A nurse or consultant can monitor and communicate with a COVID-19 patient from outside the room through a videoconferencing system that connects a personal device or hospital laptop to a tablet computer mounted on an IV pole. The tablets are enabled with Vidyo and SBR Health software.

The tablets auto-answer, so conversations can occur without the patient taking any action. The patient can see the nurse's facial expressions, and the interactions need not be rushed. When physiological monitor alerts require immediate patient observation, nurses can swiftly appear on the screen from anywhere in the hospital. Currently, 600 of these tablets are in use at Mass General, and reports from patients and nurse leaders have been overwhelmingly positive.

Virtual Rounds

As a means of physical distancing, one or two providers are physically present on the ward, while others join remotely from other hospital locations or from home via Microsoft Teams. This approach preserves the intimacy of group work and facilitates task management and image sharing. In fact, more than the usual eight to ten professionals can join in, such as pharmacists, case managers, providers in self-isolation and students who were removed from hospital work.

Expansion of Established Applications

Prepandemic, Mass General had up to 800 providers regularly offering video-enabled visits to ambulatory patients in a program tightly integrated into its electronic health record (EHR) system. To allow rapid scale-up, the program now operates outside the immediate EHR workflow. It's expected that over 11,000 providers employed by Mass General and others Partners hospitals and practices will eventually participate.

Providers can conduct visits on almost any device because central management keeps communication secure. Providers isolating voluntarily at home or assigned to home quarantine due to testing positive for COVID-19 can continue working if well enough. This option is designed for patients without suspected COVID-19 who are at high risk of serious complications if infected or have ongoing medical conditions that will predictably deteriorate if unattended.

Brief, video-enabled urgent care visits are also available 24/7 when patients cannot be triaged adequately by phone or physician offices are closed. All encounters are documented in the EHR.

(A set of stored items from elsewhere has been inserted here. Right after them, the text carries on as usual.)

(* Let $h\in\mathcal H$, $k_0=k_0(h)$, $h_0=h(k_0)$, and let $d>h_0$ be an integer. If $h(k)\ge (d-k+1)\,h(k-1)$ for all integers $k$ with $k_0+1\le k\le d$, then $\operatorname{hdepth}(h)\ge d$.
   Context: $\mathcal H$ denotes the set of nonzero functions $h:\mathbb Z\to\mathbb Z_{\ge 0}$ such that $h(j)=0$ for all sufficiently negative $j$. For $h\in\mathcal H$ and integers $k\le d$, set $\beta_k^d(h)=\sum_{j\le k}(-1)^{k-j}\binom{d-j}{k-j}h(j)$, and $\operatorname{hdepth}(h)=\max\{d\in\mathbb Z:\ \beta_k^d(h)\ge 0\text{ for all integers }k\le d\}$. Also $k_0(h)=\min\{j: h(j)>0\}$. *)

theory Defs
  imports Main
begin

definition hclass :: "(int \<Rightarrow> nat) set" where
  "hclass = {h. h \<noteq> (\<lambda>_. 0) \<and> (\<exists>m. \<forall>j\<le>m. h j = 0)}"

text \<open>beta_k^d(h) = sum_{j<=k} (-1)^(k-j) binom(d-j, k-j) h(j), intended for k <= d.
  The sum ranges over the (finite, for h in H) set of j <= k with h j nonzero;
  the omitted terms are zero.\<close>
definition beta :: "(int \<Rightarrow> nat) \<Rightarrow> int \<Rightarrow> int \<Rightarrow> int" where
  "beta h d k = (\<Sum>j\<in>{j. j \<le> k \<and> h j \<noteq> 0}.
      (-1) ^ nat (k - j) * int (nat (d - j) choose nat (k - j)) * int (h j))"

definition hdepth :: "(int \<Rightarrow> nat) \<Rightarrow> int" where
  "hdepth h = (GREATEST d. \<forall>k\<le>d. beta h d k \<ge> 0)"

definition k0 :: "(int \<Rightarrow> nat) \<Rightarrow> int" where
  "k0 h = (LEAST j. h j > 0)"

end

theory Submission
  imports Defs
begin

text \<open>Below k0(h) every term of beta vanishes, so for k0(h) \<le> k \<le> d, after reindexing by
  i = k - j, beta_k^d(h) is the alternating sum of b_i = binom(d-k+i, i) h(k-i).
  The growth hypothesis h(j) \<ge> (d-j+1) h(j-1), combined with
  binom(M+1, i+1) \<le> (M+1) binom(M, i), makes b_i nonincreasing, and an alternating sum
  of a nonincreasing nonnegative sequence is nonnegative.
  The maximum defining hdepth exists since beta_{k0+1}^{d'}(h) = h(k0+1) - (d'-k0) h(k0)
  bounds every admissible d' by k0 + h(k0+1).\<close>

lemma alternating_sum_antimono_bounds:
  fixes b :: "nat \<Rightarrow> int"
  assumes "\<And>i. i < n \<Longrightarrow> b (Suc i) \<le> b i" and "\<And>i. i \<le> n \<Longrightarrow> 0 \<le> b i"
  shows "0 \<le> (\<Sum>i\<le>n. (-1)^i * b i) \<and> (\<Sum>i\<le>n. (-1)^i * b i) \<le> b 0"
  using assms
proof (induction n arbitrary: b)
  case 0
  then show ?case by simp
next
  case (Suc n)
  have IH: "0 \<le> (\<Sum>i\<le>n. (-1)^i * b (Suc i)) \<and> (\<Sum>i\<le>n. (-1)^i * b (Suc i)) \<le> b 1"
    using Suc.IH[of "\<lambda>i. b (Suc i)"] Suc.prems by auto
  have "(\<Sum>i\<le>Suc n. (-1)^i * b i) = b 0 - (\<Sum>i\<le>n. (-1)^i * b (Suc i))"
    by (simp only: sum.atMost_Suc_shift) (simp add: sum_negf)
  moreover have "b 1 \<le> b 0" using Suc.prems(1) by auto
  ultimately show ?case using IH by linarith
qed

lemma Suc_choose_Suc_le: "Suc m choose Suc i \<le> Suc m * (m choose i)"
  by (metis Suc_times_binomial_eq le_add1 mult.commute mult_Suc_right)

lemma hclass_k0:
  assumes "h \<in> hclass"
  shows "h (k0 h) > 0" and "\<And>j. j < k0 h \<Longrightarrow> h j = 0"
proof -
  obtain m where m: "\<And>j. j \<le> m \<Longrightarrow> h j = 0" and "h \<noteq> (\<lambda>_. 0)"
    using assms unfolding hclass_def by auto
  then obtain j1 where j1: "h j1 > 0" by auto
  have bounded_below: "m < j" if "h j > 0" for j
    using m that by (metis less_numeral_extra(3) not_less)
  define n where "n = (LEAST n::nat. h (m + int n) > 0)"
  have "h (m + int (nat (j1 - m))) > 0" using j1 bounded_below[OF j1] by simp
  then have least: "h (m + int n) > 0" unfolding n_def by (rule LeastI)
  have minimal: "m + int n \<le> i" if "h i > 0" for i
  proof -
    have "i = m + int (nat (i - m))" using bounded_below[OF that] by simp
    then have "n \<le> nat (i - m)" unfolding n_def using that by (metis Least_le)
    with bounded_below[OF that] show ?thesis by linarith
  qed
  have k0_eq: "k0 h = m + int n"
    unfolding k0_def using least minimal by (rule Least_equality)
  then show "h (k0 h) > 0" using least by simp
  show "h j = 0" if "j < k0 h" for j
    using minimal[of j] that k0_eq by fastforce
qed

lemma beta_eq_sum_atLeastAtMost:
  assumes "\<And>j. j < a \<Longrightarrow> h j = 0"
  shows "beta h d k =
    (\<Sum>j\<in>{a..k}. (-1) ^ nat (k - j) * int (nat (d - j) choose nat (k - j)) * int (h j))"
  unfolding beta_def
proof (rule sum.mono_neutral_cong_left)
  show "{j. j \<le> k \<and> h j \<noteq> 0} \<subseteq> {a..k}"
    using assms by (auto simp: not_less[symmetric])
qed auto

lemma beta_eq_alternating_sum:
  assumes "\<And>j. j < a \<Longrightarrow> h j = 0" and "a \<le> k" and "k \<le> d"
  shows "beta h d k =
    (\<Sum>i\<le>nat (k - a). (-1)^i * int ((nat (d - k) + i choose i) * h (k - int i)))"
proof -
  have "beta h d k =
    (\<Sum>j\<in>{a..k}. (-1) ^ nat (k - j) * int (nat (d - j) choose nat (k - j)) * int (h j))"
    using assms(1) by (rule beta_eq_sum_atLeastAtMost)
  also have "\<dots> = (\<Sum>i\<le>nat (k - a). (-1)^i * int ((nat (d - k) + i choose i) * h (k - int i)))"
  proof (rule sum.reindex_bij_witness[where j="\<lambda>j. nat (k - j)" and i="\<lambda>i. k - int i"])
    fix j assume j: "j \<in> {a..k}"
    then have "nat (d - j) = nat (d - k) + nat (k - j)"
      using \<open>k \<le> d\<close> by (simp add: nat_add_distrib[symmetric])
    with j show "(-1) ^ nat (k - j) * int ((nat (d - k) + nat (k - j) choose nat (k - j))
        * h (k - int (nat (k - j))))
      = (-1) ^ nat (k - j) * int (nat (d - j) choose nat (k - j)) * int (h j)"
      by simp
  qed (use \<open>a \<le> k\<close> in auto)
  finally show ?thesis .
qed

lemma beta_nonneg_of_growth:
  assumes below: "\<And>j. j < a \<Longrightarrow> h j = 0"
    and growth: "\<And>j. a + 1 \<le> j \<Longrightarrow> j \<le> d \<Longrightarrow> h j \<ge> nat (d - j + 1) * h (j - 1)"
    and "k \<le> d"
  shows "beta h d k \<ge> 0"
proof (cases "k < a")
  case True
  then show ?thesis using beta_eq_sum_atLeastAtMost[of a h d k, OF below] by simp
next
  case False
  define b where "b i = int ((nat (d - k) + i choose i) * h (k - int i))" for i
  have "b (Suc i) \<le> b i" if i: "i < nat (k - a)" for i
  proof -
    define j where "j = k - int i"
    define M where "M = nat (d - k) + i"
    have "a + 1 \<le> j" "j \<le> d" "nat (d - j + 1) = Suc M"
      using i \<open>k \<le> d\<close> by (auto simp: j_def M_def)
    then have hj: "Suc M * h (j - 1) \<le> h j" using growth by metis
    have "(Suc M choose Suc i) * h (j - 1) \<le> (M choose i) * (Suc M * h (j - 1))"
      using mult_right_mono[OF Suc_choose_Suc_le, of "h (j - 1)" M i] by (simp only: mult_ac)
    also have "\<dots> \<le> (M choose i) * h j" using hj by (rule mult_left_mono) simp
    finally show ?thesis
      by (simp add: b_def M_def j_def algebra_simps flip: of_nat_mult)
  qed
  then have "0 \<le> (\<Sum>i\<le>nat (k - a). (-1)^i * b i)"
    using alternating_sum_antimono_bounds[of "nat (k - a)" b] by (simp add: b_def)
  then show ?thesis
    using beta_eq_alternating_sum[of a h k d, OF below _ \<open>k \<le> d\<close>] False by (simp add: b_def)
qed

lemma admissible_depth_bounded:
  assumes below: "\<And>j. j < a \<Longrightarrow> h j = 0" and "h a > 0"
    and admissible: "\<And>k. k \<le> d \<Longrightarrow> beta h d k \<ge> 0"
  shows "d \<le> a + int (h (a + 1))"
proof (rule ccontr)
  assume "\<not> d \<le> a + int (h (a + 1))"
  then have "a + 1 \<le> d" and "int (nat (d - a)) = d - a" by auto
  have "{a..a + 1} = {a, a + 1}" by auto
  then have "beta h d (a + 1) = int (h (a + 1)) - (d - a) * int (h a)"
    using beta_eq_sum_atLeastAtMost[of a h d "a + 1", OF below] \<open>int (nat (d - a)) = d - a\<close>
    by (simp add: algebra_simps)
  moreover have "d - a \<le> (d - a) * int (h a)"
    using \<open>h a > 0\<close> \<open>a + 1 \<le> d\<close> by simp
  ultimately show False
    using admissible[OF \<open>a + 1 \<le> d\<close>] \<open>\<not> d \<le> a + int (h (a + 1))\<close> by linarith
qed

lemma le_Greatest_int:
  fixes P :: "int \<Rightarrow> bool"
  assumes "P d" and bounded: "\<And>x. P x \<Longrightarrow> x \<le> b"
  shows "d \<le> (GREATEST x. P x)"
proof -
  define S where "S = {x \<in> {d..b}. P x}"
  have "finite S" unfolding S_def by (rule finite_subset[OF _ finite_atLeastAtMost_int]) auto
  moreover have "d \<in> S" using \<open>P d\<close> bounded by (simp add: S_def)
  ultimately have "Max S \<in> S" by (intro Max_in) auto
  have "(GREATEST x. P x) = Max S"
  proof (rule Greatest_equality)
    show "P (Max S)" using \<open>Max S \<in> S\<close> by (simp add: S_def)
    show "y \<le> Max S" if "P y" for y
    proof (cases "y < d")
      case True
      with \<open>finite S\<close> \<open>d \<in> S\<close> show ?thesis by (meson Max_ge less_imp_le order_trans)
    next
      case False
      with \<open>P y\<close> bounded have "y \<in> S" by (simp add: S_def)
      with \<open>finite S\<close> show ?thesis by simp
    qed
  qed
  with \<open>finite S\<close> \<open>d \<in> S\<close> show ?thesis by simp
qed

theorem proposition1p8:
  fixes h :: "int \<Rightarrow> nat" and d :: int
  assumes "h \<in> hclass"
    and "d > int (h (k0 h))"
    and "\<And>k. k0 h + 1 \<le> k \<Longrightarrow> k \<le> d \<Longrightarrow> h k \<ge> nat (d - k + 1) * h (k - 1)"
  shows "hdepth h \<ge> d"
proof -
  have below: "\<And>j. j < k0 h \<Longrightarrow> h j = 0" and "h (k0 h) > 0"
    using hclass_k0[OF assms(1)] by auto
  have "\<forall>k\<le>d. beta h d k \<ge> 0"
    using beta_nonneg_of_growth[of "k0 h" h d, OF below assms(3)] by blast
  moreover have "d' \<le> k0 h + int (h (k0 h + 1))" if "\<forall>k\<le>d'. beta h d' k \<ge> 0" for d'
    using admissible_depth_bounded[of "k0 h" h d', OF below \<open>h (k0 h) > 0\<close>] that by blast
  ultimately show ?thesis
    unfolding hdepth_def by (rule le_Greatest_int)
qed

end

Additionally, Mass General offers provider-to-provider expert Virtual Consultation to providers at a network of 30 community hospitals, and over 60% of patients remain at their community hospital after the consult rather than being transferred. This solution is being leveraged during the pandemic to provide expert care across all provider types and specialties, especially critical care and infectious diseases, and is offered at additional facilities like skilled nursing facilities and Boston Hope.

Challenges

The authors urge other health care systems to consider these tactics. They address internal challenges, such as technical support and nationwide barriers to virtual care. Those include:

  • Lack of access to technology by patients, including those who are visually impaired or have other disabilities
  • Limited availability of medical interpreters for patients with limited proficiency in English
  • Inadequate insurance coverage or financial resources to cover copays
  • Supply chain disruptions that are making it difficult to obtain webcams and other peripherals
  • Requirements that providers be licensed in the jurisdiction where the patient is located
  • Concerns about malpractice insurance coverage

All stakeholders including health care systems, providers, payers, government agencies and the public will need to realign their goals and incentives in order to meet the urgent needs posed by COVID-19 and beyond.